What You Can Do To Save Your Home

Even when it all seems lost, there may be alternatives you may have not explored to keep your home from foreclosure. Even if in the end you may need to sell it, at least you can avoid foreclosure. There are also choices you may not have been made aware of or considered until now.

Seek Legal Advice.  First and foremost, consult a qualified Real Estate Attorney who specializes in foreclosure. They can assess your situation and at least explain to you the different events that lead up to foreclosure. Ignoring these can cause you to lose your home when you may have had a chance to do something about it.

In practically every region of the country, there are attorneys willing to give you a short consultation at no charge to see if they can help you. If you lack the money to arm yourself with legal counsel, there are usually legal aid clinics who may be able to give you a more thorough evaluation as well as legal advice at no charge.

Get In Touch With HUD Homeowner Counseling Agencies. If you have tried to keep your home using the loss mitigation tools and services that your lender offers, and are still having trouble with your mortgage, you may need to seek assistance outside of your lender. The Department of Housing and Urban Development (HUD) has many resources along with branches at the Federal and State level to preserve homeownership. You can contact HUD approved housing counseling agencies at the state level to help you through your foreclosure prevention efforts.

If The House Must Go

Sometimes, we have tried everything and there just is no choice but to let go. If you have looked at every possible alternative and you need to just accept that you can not keep the home at this time, you can still try to make the best of the situation. Here are some steps you can take:

Consult A Real Estate Agent. If you have owned your house for a few years, there may be some equity left in it. Unfortunately, people lose their homes every day and they do not realize they could have at least walked away with some money. Even if you think you have nothing left, at least get a professional opinion.
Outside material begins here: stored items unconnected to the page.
lemma op_right_distrib:
  "x \<in> X \<Longrightarrow> y \<in> X \<Longrightarrow> z \<in> X \<Longrightarrow> op (op x y) z = op (op x z) (op y z)"
  using inv_quandle unfolding inv_quandle_def by blast

lemma act_closed [simp]: "x \<in> X \<Longrightarrow> set w \<subseteq> X \<Longrightarrow> act op x w \<in> X"
  by (induction w arbitrary: x) auto

lemma act_rev_cancel [simp]: "t \<in> X \<Longrightarrow> set w \<subseteq> X \<Longrightarrow> act op (act op t w) (rev w) = t"
  by (induction w arbitrary: t) auto

lemma act_rev_fixed: "x \<in> X \<Longrightarrow> set w \<subseteq> X \<Longrightarrow> act op x w = x \<Longrightarrow> act op x (rev w) = x"
  by (metis act_rev_cancel)

lemma act_rev_eq_of_double_fixed:
  assumes "x \<in> X" "set w \<subseteq> X" and "act op x (w @ w) = x"
  shows "act op x (rev w) = act op x w"
proof -
  have "act op x (rev w) = act op (act op (act op x w) w) (rev w)" using assms(3) by simp
  also have "\<dots> = act op x w" using assms(1,2) by simp
  finally show ?thesis .
qed

lemma act_wpow_nat_fixed: "act op x w = x \<Longrightarrow> act op x (wpow_nat w m) = x"
  by (induction m) (simp_all add: wpow_nat_Suc)

lemma act_wpow_fixed:
  assumes "x \<in> X" "set w \<subseteq> X" and "act op x w = x"
  shows "act op x (wpow w N) = x"
proof (cases N rule: int_cases2)
  case (nonneg m)
  then show ?thesis using assms(3) by (simp add: act_wpow_nat_fixed)
next
  case (nonpos m)
  have "act op x (rev w) = x" using assms by (rule act_rev_fixed)
  then show ?thesis using nonpos by (simp add: wpow_uminus act_wpow_nat_fixed)
qed

lemma act_pair_fixed_iff:
  "x \<in> X \<Longrightarrow> y \<in> X \<Longrightarrow> z \<in> X \<Longrightarrow> act op z [x, y] = z \<longleftrightarrow> op z x = op z y"
  by (metis act.simps op_closed op_op_cancel)

lemma op_act: "x \<in> X \<Longrightarrow> y \<in> X \<Longrightarrow> set w \<subseteq> X \<Longrightarrow> op x (act op y w) = act op x (rev w @ y # w)"
proof (induction w arbitrary: x rule: rev_induct)
  case (snoc z w)
  then have z: "z \<in> X" and w: "set w \<subseteq> X" and Y: "act op y w \<in> X" by auto
  have "op x (act op y (w @ [z])) = op (op (op x z) z) (op (act op y w) z)"
    using snoc.prems z by simp
  also have "\<dots> = op (op (op x z) (act op y w)) z"
    using op_right_distrib[of "op x z" "act op y w" z] snoc.prems z Y by simp
  also have "\<dots> = op (act op (op x z) (rev w @ y # w)) z"
    using snoc.IH snoc.prems z w by simp
  finally show ?case by simp
qed simp

definition acts_commute :: "'a list \<Rightarrow> 'a list \<Rightarrow> bool" where
  "acts_commute u v \<longleftrightarrow> (\<forall>t\<in>X. act op t (u @ v) = act op t (v @ u))"

lemma acts_commuteD: "acts_commute u v \<Longrightarrow> t \<in> X \<Longrightarrow> act op t (u @ v) = act op t (v @ u)"
  unfolding acts_commute_def by blast

lemma acts_commute_rev:
  assumes "set u \<subseteq> X" "set v \<subseteq> X" and "acts_commute u v"
  shows "acts_commute (rev u) v"
  unfolding acts_commute_def
proof
  fix t assume t: "t \<in> X"
  have "act op t (rev u @ v) = act op (act op (act op t (rev u @ v)) u) (rev u)"
    using t assms(1,2) by simp
  also have "\<dots> = act op (act op (act op t (rev u)) (u @ v)) (rev u)"
    using assms(3) t assms(1) unfolding acts_commute_def by simp
  also have "\<dots> = act op t (v @ rev u)"
    using act_rev_cancel[of t "rev u"] t assms(1) by simp
  finally show "act op t (rev u @ v) = act op t (v @ rev u)" .
qed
Consider A Deed In Lieu Of Foreclosure. As a last resort, talk to your lender about deeding the property back to them so they don’t have to foreclose. Keep in mind that the last thing they want to do is to own a house. But foreclosure costs are expensive, and it may be worthwhile for them in many cases to voluntarily have the homeowner give up the home. They may even give you what they call “Cash For Keys” which is basically an incentive for you to leave the home in a habitable condition and completely remove your belongings so they don’t have to.


Homeownership is the American Dream. Occasionally due to life circumstances, it doesn’t end the way we had envisioned. You can still try to make the best of it to the very end. Remember that the loss of a house is not necessarily the end of the world. If you can preserve your credit as much as possible, there is always another opportunity to re-enter the market at a later time when your financial circumstance may be better for you.